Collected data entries

(* Let $D$ be a period domain, $F\in D$ a reference point, and $V\subset G_{\mathbb R}$ the (compact) stabilizer of $F$. Then every element of $\Lambda^k\big((\mathfrak g^{-1,1})^\vee\oplus(\mathfrak g^{1,-1})^\vee\big)$ that is invariant under the action induced by $\mathrm{Ad}(V)$ lies in $\bigoplus_{p}\Lambda^p(\mathfrak g^{-1,1})^\vee\otimes\Lambda^p(\mathfrak g^{1,-1})^\vee$, i.e. is of type $(p,p)$. Equivalently: the $G_{\mathbb R}$-invariant forms on $D$ that are orthogonal to the algebraic ideal generated by $I$ and $\bar I$ are all of type $(p,p)$.
   Context: $H$ is a finite-dimensional $\mathbb Q$-vector space with non-degenerate bilinear form $Q$, $Q(u,v)=(-1)^nQ(v,u)$; $D$ is the period domain of polarized Hodge structures $H_{\mathbb C}=\bigoplus_{p+q=n}H^{p,q}$ (with $\overline{H^{p,q}}=H^{q,p}$, $Q(F^p,F^{n-p+1})=0$, $Q(Cu,\bar u)>0$ for $u\neq 0$, $C=i^{p-q}$ on $H^{p,q}$, $F^p=\bigoplus_{p'\ge p}H^{p',n-p'}$) with fixed Hodge numbers; $G_{\mathbb R}=\mathrm{Aut}(H_{\mathbb R},Q)$ acts transitively on $D$, $D=G_{\mathbb R}/V$. At $F$, the complexified Lie algebra decomposes as $\mathfrak g_{\mathbb C}=\bigoplus_r\mathfrak g^{r,-r}$, $\mathfrak g^{r,-r}=\{X: X(H^{p,q})\subset H^{p+r,q-r}\}$, with $\mathfrak v_{\mathbb C}=\mathfrak g^{0,0}$; $\mathrm{Ad}(V)$ preserves each $\mathfrak g^{r,-r}$. $T^{1,0}_FD\cong\bigoplus_{r>0}\mathfrak g^{-r,r}$, $T^{0,1}_FD\cong\bigoplus_{r>0}\mathfrak g^{r,-r}$. The infinitesimal period relation $I\subset T^{*1,0}D$ is the annihilator of $\mathfrak g^{-1,1}$, and $\bar I$ its conjugate; forms at $F$ orthogonal (for the Hodge metrics) to the algebraic ideal generated by $I,\bar I$ are identified with $\Lambda^*\big((\mathfrak g^{-1,1})^\vee\oplus(\mathfrak g^{1,-1})^\vee\big)$, and $G_{\mathbb R}$-invariant forms correspond to $\mathrm{Ad}(V)$-invariant elements at $F$. Type $(p,q)$ refers to the summand $\Lambda^p(\mathfrak g^{-1,1})^\vee\otimes\Lambda^q(\mathfrak g^{1,-1})^\vee$. *)

theory Defs
  imports "HOL-Analysis.Analysis"
begin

* _What to produce_:
The records must be reproduced in full. Nothing should differ.

* _Output_:
(* Let $D$ be a period domain, $F\in D$ a reference point, and $V\subset G_{\mathbb R}$ the (compact) stabilizer of $F$. Then every element of $\Lambda^k\big((\mathfrak g^{-1,1})^\vee\oplus(\mathfrak g^{1,-1})^\vee\big)$ that is invariant under the action induced by $\mathrm{Ad}(V)$ lies in $\bigoplus_{p}\Lambda^p(\mathfrak g^{-1,1})^\vee\otimes\Lambda^p(\mathfrak g^{1,-1})^\vee$, i.e. is of type $(p,p)$. Equivalently: the $G_{\mathbb R}$-invariant forms on $D$ that are orthogonal to the algebraic ideal generated by $I$ and $\bar I$ are all of type $(p,p)$.
   Context: $H$ is a finite-dimensional $\mathbb Q$-vector space with non-degenerate bilinear form $Q$, $Q(u,v)=(-1)^nQ(v,u)$; $D$ is the period domain of polarized Hodge structures $H_{\mathbb C}=\bigoplus_{p+q=n}H^{p,q}$ (with $\overline{H^{p,q}}=H^{q,p}$, $Q(F^p,F^{n-p+1})=0$, $Q(Cu,\bar u)>0$ for $u\neq 0$, $C=i^{p-q}$ on $H^{p,q}$, $F^p=\bigoplus_{p'\ge p}H^{p',n-p'}$) with fixed Hodge numbers; $G_{\mathbb R}=\mathrm{Aut}(H_{\mathbb R},Q)$ acts transitively on $D$, $D=G_{\mathbb R}/V$. At $F$, the complexified Lie algebra decomposes as $\mathfrak g_{\mathbb C}=\bigoplus_r\mathfrak g^{r,-r}$, $\mathfrak g^{r,-r}=\{X: X(H^{p,q})\subset H^{p+r,q-r}\}$, with $\mathfrak v_{\mathbb C}=\mathfrak g^{0,0}$; $\mathrm{Ad}(V)$ preserves each $\mathfrak g^{r,-r}$. $T^{1,0}_FD\cong\bigoplus_{r>0}\mathfrak g^{-r,r}$, $T^{0,1}_FD\cong\bigoplus_{r>0}\mathfrak g^{r,-r}$. The infinitesimal period relation $I\subset T^{*1,0}D$ is the annihilator of $\mathfrak g^{-1,1}$, and $\bar I$ its conjugate; forms at $F$ orthogonal (for the Hodge metrics) to the algebraic ideal generated by $I,\bar I$ are identified with $\Lambda^*\big((\mathfrak g^{-1,1})^\vee\oplus(\mathfrak g^{1,-1})^\vee\big)$, and $G_{\mathbb R}$-invariant forms correspond to $\mathrm{Ad}(V)$-invariant elements at $F$. Type $(p,q)$ refers to the summand $\Lambda^p(\mathfrak g^{-1,1})^\vee\otimes\Lambda^q(\mathfrak g^{1,-1})^\vee$. *)

theory Defs
  imports "HOL-Analysis.Analysis"
begin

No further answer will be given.